> _What you are asked to do_
Search the records below for the string "unfolding" and copy each line where it turns up.

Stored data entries
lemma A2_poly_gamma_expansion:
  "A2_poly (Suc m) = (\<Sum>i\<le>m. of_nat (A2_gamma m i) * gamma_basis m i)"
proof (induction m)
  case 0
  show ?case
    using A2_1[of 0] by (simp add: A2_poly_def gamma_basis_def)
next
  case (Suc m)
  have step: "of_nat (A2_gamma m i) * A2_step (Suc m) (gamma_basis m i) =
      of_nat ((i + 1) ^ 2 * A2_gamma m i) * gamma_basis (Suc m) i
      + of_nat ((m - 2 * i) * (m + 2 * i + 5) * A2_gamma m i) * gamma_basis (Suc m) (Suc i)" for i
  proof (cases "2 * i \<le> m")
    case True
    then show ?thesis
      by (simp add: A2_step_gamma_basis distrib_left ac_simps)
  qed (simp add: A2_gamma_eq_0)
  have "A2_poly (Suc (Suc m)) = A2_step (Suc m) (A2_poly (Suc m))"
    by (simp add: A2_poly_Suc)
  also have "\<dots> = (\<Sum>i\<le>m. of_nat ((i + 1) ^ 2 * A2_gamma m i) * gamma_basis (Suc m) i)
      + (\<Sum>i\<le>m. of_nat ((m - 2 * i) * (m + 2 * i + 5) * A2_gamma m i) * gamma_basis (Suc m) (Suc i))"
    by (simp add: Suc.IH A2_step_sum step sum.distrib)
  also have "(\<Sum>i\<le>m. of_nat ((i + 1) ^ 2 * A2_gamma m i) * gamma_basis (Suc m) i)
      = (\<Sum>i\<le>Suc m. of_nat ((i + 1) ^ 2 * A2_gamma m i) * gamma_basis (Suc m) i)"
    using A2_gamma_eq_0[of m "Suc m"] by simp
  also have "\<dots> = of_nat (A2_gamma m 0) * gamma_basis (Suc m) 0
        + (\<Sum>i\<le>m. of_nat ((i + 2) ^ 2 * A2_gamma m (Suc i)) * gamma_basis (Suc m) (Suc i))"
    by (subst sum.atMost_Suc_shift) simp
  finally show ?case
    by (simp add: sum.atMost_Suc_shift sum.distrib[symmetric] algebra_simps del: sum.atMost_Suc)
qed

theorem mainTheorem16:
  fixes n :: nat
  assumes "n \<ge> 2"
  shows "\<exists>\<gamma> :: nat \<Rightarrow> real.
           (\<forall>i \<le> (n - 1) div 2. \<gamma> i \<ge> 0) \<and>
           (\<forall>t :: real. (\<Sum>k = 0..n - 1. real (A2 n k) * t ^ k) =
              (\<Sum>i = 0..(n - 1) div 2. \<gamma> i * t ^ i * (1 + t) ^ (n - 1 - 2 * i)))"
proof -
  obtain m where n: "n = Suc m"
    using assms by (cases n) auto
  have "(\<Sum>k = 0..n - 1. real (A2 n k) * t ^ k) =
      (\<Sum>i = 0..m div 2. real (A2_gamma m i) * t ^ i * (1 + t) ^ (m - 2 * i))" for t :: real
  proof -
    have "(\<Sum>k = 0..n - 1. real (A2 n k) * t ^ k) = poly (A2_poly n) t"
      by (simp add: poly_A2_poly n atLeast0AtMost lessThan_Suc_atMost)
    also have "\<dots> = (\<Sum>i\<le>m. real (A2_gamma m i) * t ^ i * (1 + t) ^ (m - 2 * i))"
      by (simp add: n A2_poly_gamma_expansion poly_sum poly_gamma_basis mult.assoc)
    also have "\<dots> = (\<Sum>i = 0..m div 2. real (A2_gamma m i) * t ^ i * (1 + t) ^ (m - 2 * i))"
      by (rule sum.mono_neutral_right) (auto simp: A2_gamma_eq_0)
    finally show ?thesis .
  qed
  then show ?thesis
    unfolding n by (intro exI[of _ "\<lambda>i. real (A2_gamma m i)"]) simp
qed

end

--

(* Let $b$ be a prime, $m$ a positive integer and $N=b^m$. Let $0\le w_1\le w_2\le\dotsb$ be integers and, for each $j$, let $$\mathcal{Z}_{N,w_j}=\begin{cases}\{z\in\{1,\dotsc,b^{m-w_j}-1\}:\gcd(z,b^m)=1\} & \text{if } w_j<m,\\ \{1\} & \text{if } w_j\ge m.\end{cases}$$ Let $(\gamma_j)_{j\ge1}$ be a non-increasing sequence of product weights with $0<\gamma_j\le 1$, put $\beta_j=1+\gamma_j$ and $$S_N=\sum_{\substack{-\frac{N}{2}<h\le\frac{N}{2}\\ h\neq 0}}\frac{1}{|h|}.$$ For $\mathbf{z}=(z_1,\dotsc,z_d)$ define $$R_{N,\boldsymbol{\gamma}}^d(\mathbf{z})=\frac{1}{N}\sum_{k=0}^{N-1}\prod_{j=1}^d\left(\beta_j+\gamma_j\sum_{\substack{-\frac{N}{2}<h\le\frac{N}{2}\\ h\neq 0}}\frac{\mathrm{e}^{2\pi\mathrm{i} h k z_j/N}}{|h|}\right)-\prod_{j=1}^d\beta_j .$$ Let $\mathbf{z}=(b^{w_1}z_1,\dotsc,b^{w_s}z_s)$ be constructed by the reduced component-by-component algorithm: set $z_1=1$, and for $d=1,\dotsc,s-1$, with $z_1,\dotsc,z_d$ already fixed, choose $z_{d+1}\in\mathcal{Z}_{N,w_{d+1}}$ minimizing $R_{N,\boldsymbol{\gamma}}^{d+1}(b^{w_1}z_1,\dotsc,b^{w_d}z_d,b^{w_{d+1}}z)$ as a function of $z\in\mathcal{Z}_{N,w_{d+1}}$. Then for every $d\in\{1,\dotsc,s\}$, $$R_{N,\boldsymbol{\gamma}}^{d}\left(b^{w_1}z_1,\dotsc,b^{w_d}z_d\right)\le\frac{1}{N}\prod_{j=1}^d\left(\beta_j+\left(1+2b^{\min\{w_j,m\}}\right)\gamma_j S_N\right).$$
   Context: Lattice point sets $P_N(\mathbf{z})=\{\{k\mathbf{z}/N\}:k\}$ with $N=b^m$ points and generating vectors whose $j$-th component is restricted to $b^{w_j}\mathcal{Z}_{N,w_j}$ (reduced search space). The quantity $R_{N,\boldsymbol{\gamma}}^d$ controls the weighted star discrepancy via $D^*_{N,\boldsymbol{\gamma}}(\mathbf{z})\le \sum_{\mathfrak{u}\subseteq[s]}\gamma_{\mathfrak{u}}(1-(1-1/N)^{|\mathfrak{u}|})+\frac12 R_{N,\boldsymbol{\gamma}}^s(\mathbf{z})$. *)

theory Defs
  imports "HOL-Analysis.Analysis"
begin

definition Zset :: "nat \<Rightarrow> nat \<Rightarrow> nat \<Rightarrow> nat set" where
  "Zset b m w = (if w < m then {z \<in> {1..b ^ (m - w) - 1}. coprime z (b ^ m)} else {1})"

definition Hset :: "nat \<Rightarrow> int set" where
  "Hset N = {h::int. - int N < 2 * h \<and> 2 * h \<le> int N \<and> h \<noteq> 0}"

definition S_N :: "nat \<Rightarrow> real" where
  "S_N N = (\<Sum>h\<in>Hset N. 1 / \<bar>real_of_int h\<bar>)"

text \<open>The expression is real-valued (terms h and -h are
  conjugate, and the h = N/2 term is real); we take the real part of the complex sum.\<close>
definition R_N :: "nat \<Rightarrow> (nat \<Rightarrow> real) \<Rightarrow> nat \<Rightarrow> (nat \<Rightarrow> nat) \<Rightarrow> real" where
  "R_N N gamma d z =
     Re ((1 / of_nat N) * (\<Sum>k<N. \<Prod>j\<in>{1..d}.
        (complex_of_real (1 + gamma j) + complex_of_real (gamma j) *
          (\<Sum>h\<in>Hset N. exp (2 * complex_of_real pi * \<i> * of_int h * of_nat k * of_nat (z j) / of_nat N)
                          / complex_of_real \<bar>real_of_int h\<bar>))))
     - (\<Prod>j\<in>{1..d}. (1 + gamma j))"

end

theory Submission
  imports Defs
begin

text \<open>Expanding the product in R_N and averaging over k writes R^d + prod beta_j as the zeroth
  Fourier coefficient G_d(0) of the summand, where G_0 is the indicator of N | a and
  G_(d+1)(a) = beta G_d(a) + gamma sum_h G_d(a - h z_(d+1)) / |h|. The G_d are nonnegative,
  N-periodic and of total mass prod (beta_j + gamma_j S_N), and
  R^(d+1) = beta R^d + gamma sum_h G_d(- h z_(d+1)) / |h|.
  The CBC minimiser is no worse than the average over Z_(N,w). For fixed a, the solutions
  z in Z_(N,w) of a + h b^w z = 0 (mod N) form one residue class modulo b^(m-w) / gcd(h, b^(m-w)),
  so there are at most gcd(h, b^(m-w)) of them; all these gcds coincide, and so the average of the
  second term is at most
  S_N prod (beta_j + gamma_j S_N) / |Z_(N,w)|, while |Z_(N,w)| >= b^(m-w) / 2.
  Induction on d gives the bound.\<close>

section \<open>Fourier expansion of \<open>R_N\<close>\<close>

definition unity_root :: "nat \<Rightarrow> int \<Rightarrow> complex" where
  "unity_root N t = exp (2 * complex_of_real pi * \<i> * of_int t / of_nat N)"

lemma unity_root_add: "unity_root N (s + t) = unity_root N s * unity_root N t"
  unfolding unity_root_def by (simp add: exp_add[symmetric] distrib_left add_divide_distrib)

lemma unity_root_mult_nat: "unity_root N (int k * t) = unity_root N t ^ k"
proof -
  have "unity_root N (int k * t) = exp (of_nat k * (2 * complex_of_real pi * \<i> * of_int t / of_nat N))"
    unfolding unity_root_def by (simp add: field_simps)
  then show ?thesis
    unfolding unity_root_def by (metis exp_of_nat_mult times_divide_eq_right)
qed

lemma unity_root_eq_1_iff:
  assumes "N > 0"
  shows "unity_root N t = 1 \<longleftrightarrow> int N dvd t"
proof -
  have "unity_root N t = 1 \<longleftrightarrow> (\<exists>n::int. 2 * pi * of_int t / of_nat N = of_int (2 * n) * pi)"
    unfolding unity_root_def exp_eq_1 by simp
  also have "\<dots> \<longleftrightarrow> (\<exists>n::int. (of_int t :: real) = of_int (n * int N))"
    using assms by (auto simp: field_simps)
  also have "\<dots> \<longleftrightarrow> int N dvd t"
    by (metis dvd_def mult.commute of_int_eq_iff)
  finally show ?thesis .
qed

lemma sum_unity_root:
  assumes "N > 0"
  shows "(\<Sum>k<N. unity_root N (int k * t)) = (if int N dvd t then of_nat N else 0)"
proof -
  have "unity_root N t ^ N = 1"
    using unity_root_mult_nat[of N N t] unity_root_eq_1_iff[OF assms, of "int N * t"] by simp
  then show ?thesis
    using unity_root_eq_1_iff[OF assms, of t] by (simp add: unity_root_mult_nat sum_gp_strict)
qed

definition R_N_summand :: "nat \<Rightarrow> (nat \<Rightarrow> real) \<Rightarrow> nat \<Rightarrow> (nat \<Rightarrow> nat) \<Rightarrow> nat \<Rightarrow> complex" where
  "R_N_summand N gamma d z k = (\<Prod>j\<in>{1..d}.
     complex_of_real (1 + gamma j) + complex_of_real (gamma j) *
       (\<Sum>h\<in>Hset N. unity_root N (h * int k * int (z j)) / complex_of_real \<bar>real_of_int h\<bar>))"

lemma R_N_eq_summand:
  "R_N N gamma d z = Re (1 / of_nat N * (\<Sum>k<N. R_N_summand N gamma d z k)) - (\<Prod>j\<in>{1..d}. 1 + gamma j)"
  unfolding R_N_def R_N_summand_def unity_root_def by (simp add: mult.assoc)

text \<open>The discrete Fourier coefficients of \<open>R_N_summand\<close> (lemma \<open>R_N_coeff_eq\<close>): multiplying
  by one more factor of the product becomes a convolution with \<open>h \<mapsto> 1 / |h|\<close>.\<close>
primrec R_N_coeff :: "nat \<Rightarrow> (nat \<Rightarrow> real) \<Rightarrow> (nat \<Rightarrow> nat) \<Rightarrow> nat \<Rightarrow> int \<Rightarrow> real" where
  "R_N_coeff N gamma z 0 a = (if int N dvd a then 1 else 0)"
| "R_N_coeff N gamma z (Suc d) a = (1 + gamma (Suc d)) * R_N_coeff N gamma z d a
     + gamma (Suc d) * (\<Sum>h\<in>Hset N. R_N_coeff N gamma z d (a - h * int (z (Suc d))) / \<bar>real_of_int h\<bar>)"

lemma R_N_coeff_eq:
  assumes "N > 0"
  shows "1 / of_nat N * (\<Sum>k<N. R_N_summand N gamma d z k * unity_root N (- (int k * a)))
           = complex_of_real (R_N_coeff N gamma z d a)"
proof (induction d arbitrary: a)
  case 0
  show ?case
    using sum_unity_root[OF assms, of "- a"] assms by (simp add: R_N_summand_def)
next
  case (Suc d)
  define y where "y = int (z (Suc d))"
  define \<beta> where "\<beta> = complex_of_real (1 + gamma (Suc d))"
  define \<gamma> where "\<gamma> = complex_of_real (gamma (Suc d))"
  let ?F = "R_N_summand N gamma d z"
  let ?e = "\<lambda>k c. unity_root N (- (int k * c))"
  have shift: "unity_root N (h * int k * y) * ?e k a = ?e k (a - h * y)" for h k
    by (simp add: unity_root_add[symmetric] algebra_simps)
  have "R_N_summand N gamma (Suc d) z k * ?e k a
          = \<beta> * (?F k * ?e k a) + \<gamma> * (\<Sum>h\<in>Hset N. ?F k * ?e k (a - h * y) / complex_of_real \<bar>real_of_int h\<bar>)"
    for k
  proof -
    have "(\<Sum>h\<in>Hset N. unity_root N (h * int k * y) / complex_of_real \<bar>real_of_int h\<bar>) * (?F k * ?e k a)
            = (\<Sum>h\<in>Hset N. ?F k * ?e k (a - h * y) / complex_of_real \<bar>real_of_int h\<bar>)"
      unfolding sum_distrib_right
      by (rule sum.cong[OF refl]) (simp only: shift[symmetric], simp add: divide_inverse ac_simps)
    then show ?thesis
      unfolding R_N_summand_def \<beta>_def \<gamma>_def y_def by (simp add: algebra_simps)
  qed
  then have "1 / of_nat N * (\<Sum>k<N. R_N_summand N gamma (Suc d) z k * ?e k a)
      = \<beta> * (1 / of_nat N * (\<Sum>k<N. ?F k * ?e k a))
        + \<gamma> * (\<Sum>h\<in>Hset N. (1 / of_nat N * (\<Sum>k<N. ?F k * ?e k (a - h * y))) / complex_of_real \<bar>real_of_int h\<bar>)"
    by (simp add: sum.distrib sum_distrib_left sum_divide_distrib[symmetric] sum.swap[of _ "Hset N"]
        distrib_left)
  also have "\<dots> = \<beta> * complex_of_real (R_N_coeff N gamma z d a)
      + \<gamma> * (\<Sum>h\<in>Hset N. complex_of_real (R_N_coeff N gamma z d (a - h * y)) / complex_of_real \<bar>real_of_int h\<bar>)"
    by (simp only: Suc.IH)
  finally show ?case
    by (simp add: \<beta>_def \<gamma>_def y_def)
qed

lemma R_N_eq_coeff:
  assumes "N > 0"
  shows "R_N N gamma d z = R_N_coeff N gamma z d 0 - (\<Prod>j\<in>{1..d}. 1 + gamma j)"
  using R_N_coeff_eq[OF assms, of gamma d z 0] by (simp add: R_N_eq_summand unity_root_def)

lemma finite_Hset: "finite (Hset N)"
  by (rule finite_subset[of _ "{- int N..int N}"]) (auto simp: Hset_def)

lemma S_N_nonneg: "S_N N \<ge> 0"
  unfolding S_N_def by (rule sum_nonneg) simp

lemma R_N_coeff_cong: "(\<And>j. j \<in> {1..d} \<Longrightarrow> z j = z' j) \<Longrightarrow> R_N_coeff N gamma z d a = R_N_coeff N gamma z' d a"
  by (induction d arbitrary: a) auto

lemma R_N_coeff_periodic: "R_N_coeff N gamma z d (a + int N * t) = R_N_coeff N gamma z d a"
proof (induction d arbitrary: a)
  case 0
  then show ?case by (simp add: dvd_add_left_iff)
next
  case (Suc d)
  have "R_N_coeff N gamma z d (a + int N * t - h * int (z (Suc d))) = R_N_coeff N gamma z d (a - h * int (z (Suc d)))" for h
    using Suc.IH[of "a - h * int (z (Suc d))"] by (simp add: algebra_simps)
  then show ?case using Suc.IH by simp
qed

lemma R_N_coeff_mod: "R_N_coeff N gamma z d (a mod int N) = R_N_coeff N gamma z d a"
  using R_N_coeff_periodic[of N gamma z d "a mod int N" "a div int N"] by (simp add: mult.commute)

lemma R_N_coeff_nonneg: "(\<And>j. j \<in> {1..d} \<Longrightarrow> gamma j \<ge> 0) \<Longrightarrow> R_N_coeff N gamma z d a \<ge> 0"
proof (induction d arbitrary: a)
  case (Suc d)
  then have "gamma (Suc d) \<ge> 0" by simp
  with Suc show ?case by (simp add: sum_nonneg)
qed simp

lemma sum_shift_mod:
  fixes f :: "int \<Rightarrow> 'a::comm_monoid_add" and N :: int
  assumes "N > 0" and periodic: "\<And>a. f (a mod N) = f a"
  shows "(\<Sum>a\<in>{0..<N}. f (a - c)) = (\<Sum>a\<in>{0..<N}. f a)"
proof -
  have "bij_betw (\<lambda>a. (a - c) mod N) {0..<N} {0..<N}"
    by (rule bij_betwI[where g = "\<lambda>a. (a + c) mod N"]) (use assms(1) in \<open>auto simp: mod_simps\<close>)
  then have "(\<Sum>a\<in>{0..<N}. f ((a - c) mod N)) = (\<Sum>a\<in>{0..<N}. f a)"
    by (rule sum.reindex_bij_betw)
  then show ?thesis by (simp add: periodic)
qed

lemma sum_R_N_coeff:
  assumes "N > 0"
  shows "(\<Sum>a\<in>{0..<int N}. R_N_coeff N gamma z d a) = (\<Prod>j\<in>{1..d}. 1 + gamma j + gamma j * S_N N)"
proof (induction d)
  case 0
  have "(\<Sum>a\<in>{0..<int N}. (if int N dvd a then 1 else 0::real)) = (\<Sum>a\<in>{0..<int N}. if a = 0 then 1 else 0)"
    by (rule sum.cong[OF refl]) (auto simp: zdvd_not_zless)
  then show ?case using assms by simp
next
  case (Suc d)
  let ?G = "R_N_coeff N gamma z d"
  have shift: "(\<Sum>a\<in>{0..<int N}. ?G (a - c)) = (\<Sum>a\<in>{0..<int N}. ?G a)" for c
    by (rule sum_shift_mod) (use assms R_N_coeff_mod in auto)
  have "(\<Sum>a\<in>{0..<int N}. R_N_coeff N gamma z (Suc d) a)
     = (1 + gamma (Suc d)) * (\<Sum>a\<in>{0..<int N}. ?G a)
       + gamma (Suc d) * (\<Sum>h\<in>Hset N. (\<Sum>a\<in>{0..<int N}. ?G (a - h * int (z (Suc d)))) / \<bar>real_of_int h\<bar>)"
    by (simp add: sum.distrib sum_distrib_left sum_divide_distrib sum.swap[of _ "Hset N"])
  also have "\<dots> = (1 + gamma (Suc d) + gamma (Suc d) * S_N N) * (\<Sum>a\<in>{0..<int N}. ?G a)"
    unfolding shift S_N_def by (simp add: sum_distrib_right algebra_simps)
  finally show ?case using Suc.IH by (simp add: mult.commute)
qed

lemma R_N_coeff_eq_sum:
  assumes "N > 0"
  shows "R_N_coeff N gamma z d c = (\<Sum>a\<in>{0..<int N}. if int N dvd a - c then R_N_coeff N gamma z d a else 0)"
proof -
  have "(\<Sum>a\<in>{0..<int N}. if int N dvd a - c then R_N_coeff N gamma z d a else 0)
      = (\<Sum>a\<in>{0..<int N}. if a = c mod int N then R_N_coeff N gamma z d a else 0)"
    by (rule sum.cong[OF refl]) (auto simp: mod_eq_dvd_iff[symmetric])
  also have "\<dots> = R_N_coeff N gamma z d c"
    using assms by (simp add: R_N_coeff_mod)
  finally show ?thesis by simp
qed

> _Expected output_
    unfolding n by (intro exI[of _ "\<lambda>i. real (A2_gamma m i)"]) simp
  unfolding unity_root_def by (simp add: exp_add[symmetric] distrib_left add_divide_distrib)
    unfolding unity_root_def by (simp add: field_simps)
    unfolding unity_root_def by (metis exp_of_nat_mult times_divide_eq_right)
    unfolding unity_root_def exp_eq_1 by simp
  unfolding R_N_def R_N_summand_def unity_root_def by (simp add: mult.assoc)
      unfolding sum_distrib_right
      unfolding R_N_summand_def \<beta>_def \<gamma>_def y_def by (simp add: algebra_simps)
  unfolding S_N_def by (rule sum_nonneg) simp
    unfolding shift S_N_def by (simp add: sum_distrib_right algebra_simps)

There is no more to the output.